lemma pos_def_f_S_iff_tits_form:
  fixes le :: "'a::finite \<Rightarrow> 'a \<Rightarrow> bool"
  assumes "is_poset le" and "hasse_acyclic le"
  shows "pos_def (f_S le) \<longleftrightarrow> pos_def (tits_form le)"
  unfolding pos_def_def
  by (metis tits_form_zeta_transform[OF assms] zeta_transform_surj[OF assms]
      zeta_transform_eq_0_iff[OF assms])

section \<open>The gradient of f_S\<close>

definition f_S_grad :: "('a::finite \<Rightarrow> 'a \<Rightarrow> bool) \<Rightarrow> ('a \<Rightarrow> real) \<Rightarrow> 'a \<Rightarrow> real" where
  "f_S_grad le x i = (\<Sum>j\<in>UNIV. if le i j then x j else 0) + (\<Sum>j\<in>UNIV. if le j i then x j else 0)"

lemma sum_mult_f_S_grad:
  "(\<Sum>i\<in>UNIV. x i * f_S_grad le y i)
     = (\<Sum>i\<in>UNIV. \<Sum>j\<in>UNIV. if le i j then x i * y j + y i * x j else 0)"
proof -
  have "(\<Sum>i\<in>UNIV. x i * f_S_grad le y i)
      = (\<Sum>i\<in>UNIV. \<Sum>j\<in>UNIV. if le i j then x i * y j else 0)
        + (\<Sum>i\<in>UNIV. \<Sum>j\<in>UNIV. if le j i then x i * y j else 0)"
    by (simp add: f_S_grad_def distrib_left sum.distrib sum_distrib_left if_distrib cong: if_cong)
  also have "(\<Sum>i\<in>UNIV. \<Sum>j\<in>UNIV. if le j i then x i * y j else 0)
      = (\<Sum>i\<in>UNIV. \<Sum>j\<in>UNIV. if le i j then y i * x j else 0)"
    by (subst sum.swap) (auto intro!: sum.cong)
  finally show ?thesis
    by (simp add: sum.distrib[symmetric] if_distrib cong: if_cong)
qed

lemma f_S_grad_sym: "(\<Sum>i\<in>UNIV. x i * f_S_grad le y i) = (\<Sum>i\<in>UNIV. y i * f_S_grad le x i)"
  unfolding sum_mult_f_S_grad by (auto intro!: sum.cong)

lemma sum_mult_f_S_grad_self: "(\<Sum>i\<in>UNIV. x i * f_S_grad le x i) = 2 * f_S le x"
  unfolding sum_mult_f_S_grad f_S_def sum_distrib_left by (auto intro!: sum.cong)

lemma f_S_add_scaled:
  "f_S le (\<lambda>i. u i + t * d i)
     = f_S le u + t * (\<Sum>i\<in>UNIV. d i * f_S_grad le u i) + t\<^sup>2 * f_S le d"
  unfolding sum_mult_f_S_grad f_S_def sum_distrib_left sum.distrib[symmetric]
  by (auto intro!: sum.cong simp: algebra_simps power2_eq_square)

lemma f_S_grad_add: "f_S_grad le (\<lambda>i. x i + y i) = (\<lambda>i. f_S_grad le x i + f_S_grad le y i)"
  by (auto simp: f_S_grad_def fun_eq_iff sum.distrib[symmetric] intro!: sum.cong)

lemma f_S_grad_scale: "f_S_grad le (\<lambda>i. c * x i) = (\<lambda>i. c * f_S_grad le x i)"
  by (simp add: f_S_grad_def fun_eq_iff sum_distrib_left distrib_left if_distrib cong: if_cong)

lemma f_S_line_has_derivative:
  "((\<lambda>t. f_S le (\<lambda>i. u i + t * d i)) has_real_derivative
     (\<Sum>i\<in>UNIV. d i * f_S_grad le (\<lambda>i. u i + s * d i) i)) (at s)"
proof -
  let ?v = "\<lambda>i. u i + s * d i"
  let ?g = "\<Sum>i\<in>UNIV. d i * f_S_grad le ?v i"
  have line: "f_S le ?v + (t - s) * ?g + (t - s)\<^sup>2 * f_S le d = f_S le (\<lambda>i. u i + t * d i)" for t
  proof -
    have "(\<lambda>i. u i + t * d i) = (\<lambda>i. ?v i + (t - s) * d i)" by (simp add: algebra_simps)
    then show ?thesis by (simp only: f_S_add_scaled)
  qed
  have "((\<lambda>t. f_S le ?v + (t - s) * ?g + (t - s)\<^sup>2 * f_S le d) has_real_derivative ?g) (at s)"
    by (auto intro!: derivative_eq_intros)
  then show ?thesis by (simp only: line)
qed

lemma pderiv_at_f_S: "pderiv_at (f_S le) i x = f_S_grad le x i"
proof -
  define e where "e = (\<lambda>j. of_bool (j = i) :: real)"
  have "x(i := t) = (\<lambda>j. (x(i := 0)) j + t * e j)" for t
    by (auto simp: e_def)
  moreover have "(\<lambda>j. (x(i := 0)) j + x i * e j) = x"
    by (auto simp: e_def)
  ultimately have "((\<lambda>t. f_S le (x(i := t))) has_real_derivative
      (\<Sum>j\<in>UNIV. e j * f_S_grad le x j)) (at (x i))"
    using f_S_line_has_derivative[of le "x(i := 0)" e "x i"] by simp
  then show ?thesis
    unfolding pderiv_at_def by (simp add: DERIV_imp_deriv e_def)
qed

lemma C_set_f_S:
  "C_set (f_S le) = {h. (\<Sum>i\<in>UNIV. h i) = 0 \<and> h \<noteq> (\<lambda>_. 0)
     \<and> ((\<forall>i. f_S_grad le h i \<le> 0) \<or> (\<forall>i. f_S_grad le h i \<ge> 0))}"
  by (auto simp: C_set_def H_n_def pderiv_at_f_S)

lemma St_f_S:
  "St (f_S le) = {a. (\<forall>i. a i > 0) \<and> (\<forall>i j. f_S_grad le a i = f_S_grad le a j)}"
  by (simp add: St_def pderiv_at_f_S)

__________

» What to produce: Please print the whole of the material verbatim.

» Completed exercise:
lemma pos_def_f_S_iff_tits_form:
  fixes le :: "'a::finite \<Rightarrow> 'a \<Rightarrow> bool"
  assumes "is_poset le" and "hasse_acyclic le"
  shows "pos_def (f_S le) \<longleftrightarrow> pos_def (tits_form le)"
  unfolding pos_def_def
  by (metis tits_form_zeta_transform[OF assms] zeta_transform_surj[OF assms]
      zeta_transform_eq_0_iff[OF assms])

section \<open>The gradient of f_S\<close>

definition f_S_grad :: "('a::finite \<Rightarrow> 'a \<Rightarrow> bool) \<Rightarrow> ('a \<Rightarrow> real) \<Rightarrow> 'a \<Rightarrow> real" where
  "f_S_grad le x i = (\<Sum>j\<in>UNIV. if le i j then x j else 0) + (\<Sum>j\<in>UNIV. if le j i then x j else 0)"

lemma sum_mult_f_S_grad:
  "(\<Sum>i\<in>UNIV. x i * f_S_grad le y i)
     = (\<Sum>i\<in>UNIV. \<Sum>j\<in>UNIV. if le i j then x i * y j + y i * x j else 0)"
proof -
  have "(\<Sum>i\<in>UNIV. x i * f_S_grad le y i)
      = (\<Sum>i\<in>UNIV. \<Sum>j\<in>UNIV. if le i j then x i * y j else 0)
        + (\<Sum>i\<in>UNIV. \<Sum>j\<in>UNIV. if le j i then x i * y j else 0)"
    by (simp add: f_S_grad_def distrib_left sum.distrib sum_distrib_left if_distrib cong: if_cong)
  also have "(\<Sum>i\<in>UNIV. \<Sum>j\<in>UNIV. if le j i then x i * y j else 0)
      = (\<Sum>i\<in>UNIV. \<Sum>j\<in>UNIV. if le i j then y i * x j else 0)"
    by (subst sum.swap) (auto intro!: sum.cong)
  finally show ?thesis
    by (simp add: sum.distrib[symmetric] if_distrib cong: if_cong)
qed

lemma f_S_grad_sym: "(\<Sum>i\<in>UNIV. x i * f_S_grad le y i) = (\<Sum>i\<in>UNIV. y i * f_S_grad le x i)"
  unfolding sum_mult_f_S_grad by (auto intro!: sum.cong)

lemma sum_mult_f_S_grad_self: "(\<Sum>i\<in>UNIV. x i * f_S_grad le x i) = 2 * f_S le x"
  unfolding sum_mult_f_S_grad f_S_def sum_distrib_left by (auto intro!: sum.cong)

lemma f_S_add_scaled:
  "f_S le (\<lambda>i. u i + t * d i)
     = f_S le u + t * (\<Sum>i\<in>UNIV. d i * f_S_grad le u i) + t\<^sup>2 * f_S le d"
  unfolding sum_mult_f_S_grad f_S_def sum_distrib_left sum.distrib[symmetric]
  by (auto intro!: sum.cong simp: algebra_simps power2_eq_square)

lemma f_S_grad_add: "f_S_grad le (\<lambda>i. x i + y i) = (\<lambda>i. f_S_grad le x i + f_S_grad le y i)"
  by (auto simp: f_S_grad_def fun_eq_iff sum.distrib[symmetric] intro!: sum.cong)

lemma f_S_grad_scale: "f_S_grad le (\<lambda>i. c * x i) = (\<lambda>i. c * f_S_grad le x i)"
  by (simp add: f_S_grad_def fun_eq_iff sum_distrib_left distrib_left if_distrib cong: if_cong)

lemma f_S_line_has_derivative:
  "((\<lambda>t. f_S le (\<lambda>i. u i + t * d i)) has_real_derivative
     (\<Sum>i\<in>UNIV. d i * f_S_grad le (\<lambda>i. u i + s * d i) i)) (at s)"
proof -
  let ?v = "\<lambda>i. u i + s * d i"
  let ?g = "\<Sum>i\<in>UNIV. d i * f_S_grad le ?v i"
  have line: "f_S le ?v + (t - s) * ?g + (t - s)\<^sup>2 * f_S le d = f_S le (\<lambda>i. u i + t * d i)" for t
  proof -
    have "(\<lambda>i. u i + t * d i) = (\<lambda>i. ?v i + (t - s) * d i)" by (simp add: algebra_simps)
    then show ?thesis by (simp only: f_S_add_scaled)
  qed
  have "((\<lambda>t. f_S le ?v + (t - s) * ?g + (t - s)\<^sup>2 * f_S le d) has_real_derivative ?g) (at s)"
    by (auto intro!: derivative_eq_intros)
  then show ?thesis by (simp only: line)
qed

lemma pderiv_at_f_S: "pderiv_at (f_S le) i x = f_S_grad le x i"
proof -
  define e where "e = (\<lambda>j. of_bool (j = i) :: real)"
  have "x(i := t) = (\<lambda>j. (x(i := 0)) j + t * e j)" for t
    by (auto simp: e_def)
  moreover have "(\<lambda>j. (x(i := 0)) j + x i * e j) = x"
    by (auto simp: e_def)
  ultimately have "((\<lambda>t. f_S le (x(i := t))) has_real_derivative
      (\<Sum>j\<in>UNIV. e j * f_S_grad le x j)) (at (x i))"
    using f_S_line_has_derivative[of le "x(i := 0)" e "x i"] by simp
  then show ?thesis
    unfolding pderiv_at_def by (simp add: DERIV_imp_deriv e_def)
qed

lemma C_set_f_S:
  "C_set (f_S le) = {h. (\<Sum>i\<in>UNIV. h i) = 0 \<and> h \<noteq> (\<lambda>_. 0)
     \<and> ((\<forall>i. f_S_grad le h i \<le> 0) \<or> (\<forall>i. f_S_grad le h i \<ge> 0))}"
  by (auto simp: C_set_def H_n_def pderiv_at_f_S)

lemma St_f_S:
  "St (f_S le) = {a. (\<forall>i. a i > 0) \<and> (\<forall>i j. f_S_grad le a i = f_S_grad le a j)}"
  by (simp add: St_def pderiv_at_f_S)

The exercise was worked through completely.